Surtout il faut voir que ce taux de croissance moyen qu’a connu l’économie nationale ces trente-cinq dernières années équivaut sur la période à un quasi doublement du revenu national annuel en volume. Il convient donc de ne pas se tromper d’analyse : au cours de la période de trente-cinq ans qui a commencé à la fin des Trente glorieuses et malgré les crises ponctuelles qui peuvent survenir (comme celle qui a conduit à une récession en 2009), notre société, a jusqu’à présent continué à s’enrichir significativement (ce qui ne veut pas dire que la majorité des Français ont vu leur situation s’améliorer de la même manière ; nous reviendrons sur ce point important dans un prochain article).

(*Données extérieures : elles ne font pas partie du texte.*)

(* Let $\rho$ be a Borel probability measure on $\mathsf{X}$ and let $X$ be the process on $\mathsf{X}$ constructed from $\rho$ as in the context. Then $\hat{X}:=\pi\circ X$ is a pure jump-type continuous-time Markov process on $\hat{\mathsf{X}}=\{0,1,\dots,n\}$ with rate kernel $\hat{\alpha}$ and initial distribution $\rho\circ\pi^{-1}$.
   Context: Fix $\theta_a,\theta_d>0$, positive integers $n,N$, $E=\mathbb{R}^N$, and a Borel probability measure $\eta$ on $E$ with finite mean. $[k]=\{0,\dots,k-1\}$; $|\psi|=\sum_{i\in[n]}\psi(i)$. State space: $\mathsf{X}=\{(\psi,\mathbf{v})\in\{0,1\}^{[n]}\times E^{[n+1]}:\sum_{i\in[n]}\psi(i)(\mathbf{v}(i)-\mathbf{v}(n))=0\}$ (subspace of the product topology, discrete on $\{0,1\}$, Euclidean on $E$). $\pi(\psi,\mathbf{v})=|\psi|\in\hat{\mathsf{X}}=\{0,\dots,n\}$. For $i\in[n]$: $r_i(\psi)=\frac{\theta_d\psi(i)+\theta_a(1-\psi(i))}{\theta_d|\psi|+\theta_a(n-|\psi|)}$; $s_i(\psi)$ agrees with $\psi$ except at $i$, where $s_i(\psi)(i)=1-\psi(i)$. For $\mathsf{x}=(\psi,\mathbf{v})\in\mathsf{X}$, $\lambda_i^{\mathsf{x}}$ is the law of $(s_i(\psi),\mathbf{w})$ with $\mathbf{w}(j)=\mathbf{v}(j)$ for $j\in[n]\setminus\{i\}$ and $(\mathbf{w}(i),\mathbf{w}(n))$ equal to $(\mathbf{v}(i),\mathbf{v}(n))$ if $|\psi|=\psi(i)=1$; $(\mathbf{v}(i),\mathbf{v}(n)-\frac{\mathbf{v}(i)-\mathbf{v}(n)}{|\psi|-1})$ if $|\psi|>\psi(i)=1$; $(\mathbf{x}+\mathbf{v}(n),\frac{\mathbf{x}}{|\psi|+1}+\mathbf{v}(n))$ with $\mathbf{x}\sim\eta$ if $\psi(i)=0$. $\mu(\mathsf{x},B)=\sum_{i\in[n]}r_i(\psi)\lambda_i^{\mathsf{x}}(B)$; $c(\psi,\mathbf{v})=\theta_d|\psi|+\theta_a(n-|\psi|)$. On $\hat{\mathsf{X}}$: $\hat{\mu}(i,\cdot)=\frac{\theta_d i\,\delta_{i-1}+\theta_a(n-i)\,\delta_{i+1}}{\theta_d i+\theta_a(n-i)}$, $\hat{c}(i)=\theta_d i+\theta_a(n-i)$, $\hat{\alpha}(i,B)=\hat{c}(i)\hat{\mu}(i,B)$. Construction of $X$: $Y$ is a discrete-time Markov chain on $\mathsf{X}$ with transition kernel $\mu$ and $Y_0\sim\rho$; $(\gamma_k)_{k\ge1}$ i.i.d. standard exponential with $\{Y,\gamma_1,\gamma_2,\dots\}$ independent; $\tau_k=\sum_{i=1}^k\gamma_i/c(Y_{i-1})$; $X_t=Y_k$ for $t\in[\tau_k,\tau_{k+1})$. A pure jump-type continuous-time Markov process with rate kernel $\hat\alpha$ is a Markov process with right-continuous piecewise constant paths that holds in state $i$ for an exponential time of rate $\hat c(i)$ and then jumps according to $\hat\mu(i,\cdot)$. *)

theory Defs
  imports "HOL-Probability.Probability"
begin

text \<open>States: pairs (psi, v) with psi :: nat => bool (only indices < n are relevant,
  the others are fixed to False) and v :: nat => E (only indices <= n relevant, the
  others fixed to 0), E = real^'N.  The coordinates outside the index ranges are frozen,
  so the state space below is homeomorphic to the subspace of
  {0,1}^[n] x E^[n+1] from the paper.\<close>

type_synonym 'N state = "(nat \<Rightarrow> bool) \<times> (nat \<Rightarrow> real ^ 'N)"

definition card_psi :: "nat \<Rightarrow> (nat \<Rightarrow> bool) \<Rightarrow> nat" where
  "card_psi n psi = card {i. i < n \<and> psi i}"

definition Xset :: "nat \<Rightarrow> ('N::finite) state set" where
  "Xset n = {(psi, v). (\<forall>i\<ge>n. \<not> psi i) \<and> (\<forall>i>n. v i = 0) \<and>
      (\<Sum>i<n. of_bool (psi i) *\<^sub>R (v i - v n)) = 0}"

definition Xspace :: "nat \<Rightarrow> ('N::finite) state measure" where
  "Xspace n = restrict_space borel (Xset n)"

definition proj :: "nat \<Rightarrow> ('N::finite) state \<Rightarrow> nat" where
  "proj n x = card_psi n (fst x)"

definition rate_c :: "nat \<Rightarrow> real \<Rightarrow> real \<Rightarrow> (nat \<Rightarrow> bool) \<Rightarrow> real" where
  "rate_c n ta td psi = td * real (card_psi n psi) + ta * real (n - card_psi n psi)"

definition r_i :: "nat \<Rightarrow> real \<Rightarrow> real \<Rightarrow> nat \<Rightarrow> (nat \<Rightarrow> bool) \<Rightarrow> real" where
  "r_i n ta td i psi = (td * of_bool (psi i) + ta * (1 - of_bool (psi i))) / rate_c n ta td psi"

definition s_i :: "nat \<Rightarrow> (nat \<Rightarrow> bool) \<Rightarrow> (nat \<Rightarrow> bool)" where
  "s_i i psi = psi(i := \<not> psi i)"

definition lam :: "nat \<Rightarrow> (real ^ ('N::finite)) measure \<Rightarrow> ('N::finite) state \<Rightarrow> nat \<Rightarrow> ('N::finite) state measure" where
  "lam n eta x i = (case x of (psi, v) \<Rightarrow>
     (if psi i then
        (if card_psi n psi = 1 then return (Xspace n) (s_i i psi, v)
         else return (Xspace n) (s_i i psi,
                v(n := v n - (1 / (real (card_psi n psi) - 1)) *\<^sub>R (v i - v n))))
      else distr eta (Xspace n) (\<lambda>y. (s_i i psi,
                v(i := y + v n, n := (1 / (real (card_psi n psi) + 1)) *\<^sub>R y + v n)))))"

definition mu :: "nat \<Rightarrow> real \<Rightarrow> real \<Rightarrow> (real ^ ('N::finite)) measure \<Rightarrow> ('N::finite) state \<Rightarrow> ('N::finite) state set \<Rightarrow> real" where
  "mu n ta td eta x B = (\<Sum>i<n. r_i n ta td i (fst x) * measure (lam n eta x i) B)"

definition hat_c :: "nat \<Rightarrow> real \<Rightarrow> real \<Rightarrow> nat \<Rightarrow> real" where
  "hat_c n ta td i = td * real i + ta * real (n - i)"

definition hat_mu :: "nat \<Rightarrow> real \<Rightarrow> real \<Rightarrow> nat \<Rightarrow> nat set \<Rightarrow> real" where
  "hat_mu n ta td i B = (td * real i * indicator B (i - 1) + ta * real (n - i) * indicator B (i + 1))
                        / (td * real i + ta * real (n - i))"

definition hat_alpha :: "nat \<Rightarrow> real \<Rightarrow> real \<Rightarrow> nat \<Rightarrow> nat set \<Rightarrow> real" where
  "hat_alpha n ta td i B = hat_c n ta td i * hat_mu n ta td i B"

definition markov_chain ::
  "'w measure \<Rightarrow> 'a measure \<Rightarrow> ('a \<Rightarrow> 'a set \<Rightarrow> real) \<Rightarrow> 'a measure \<Rightarrow> (nat \<Rightarrow> 'w \<Rightarrow> 'a) \<Rightarrow> bool" where
  "markov_chain M S K rho Y \<longleftrightarrow>
     (\<forall>k. Y k \<in> measurable M S) \<and> distr M S (Y 0) = rho \<and>
     (\<forall>k B. (\<forall>j\<le>Suc k. B j \<in> sets S) \<longrightarrow>
        measure M {\<omega> \<in> space M. \<forall>j\<le>Suc k. Y j \<omega> \<in> B j} =
        (\<integral>\<omega>. indicator {\<omega> \<in> space M. \<forall>j\<le>k. Y j \<omega> \<in> B j} \<omega> * K (Y k \<omega>) (B (Suc k)) \<partial>M))"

Dernier élément de conclusion. Il faut signaler que la politique de libéralisation accompagnée de traitement social poursuivie depuis 1982 a donné lieu à un rapprochement majeur entre les deux camps structurant la politique française. Lorsqu’elle est au pouvoir, la droite, certes, prend différentes mesures libérales et « d’ajustement structurel », tandis que la gauche se consacre plutôt aux politiques de traitement social et de recrutement de fonctionnaires. Mais le fait remarquable est le suivant : aucun des deux camps ne remet substantiellement en cause les mesures prises par son adversaire. Mieux, la gauche a pu elle-même prendre des mesures d’inspiration libérale (à titre d’exemple le gouvernement conduit par M. Fabius premier ministre avait en son temps augmenté le taux de TVA et accru le nombre des ménages exonérés d’impôt sur le revenu) et la droite des mesures « sociales » (par exemple elle vient de créer le RSA). La répartition des rôles qui s’est mise en place ces trois dernières décennies entre la gauche et la droite masque donc, nous semble-t-il, leur accord profond sur les politiques économiques et sociales à conduire.
La politique de libéralisation interne de l’économie française, sujet auquel était consacrée la présente tribune, s’est accompagnée également d’un processus de mondialisation du libéralisme ; de la poursuite de la construction européenne sur un mode libéral ; ainsi que d’une politique d’immigration massive, qui constitue en quelque sorte un processus de « délocalisation importée ». Tout cet ensemble cohérent a eu des effets majeurs sur la société française, qui est désormais profondément différente de celle des Trente glorieuses (notamment parce que la répartition de la richesse en son sein a été substantiellement modifiée). Ces différents points feront l’objet des prochains articles de cette série consacrée aux politiques économiques et sociales conduites depuis 1946.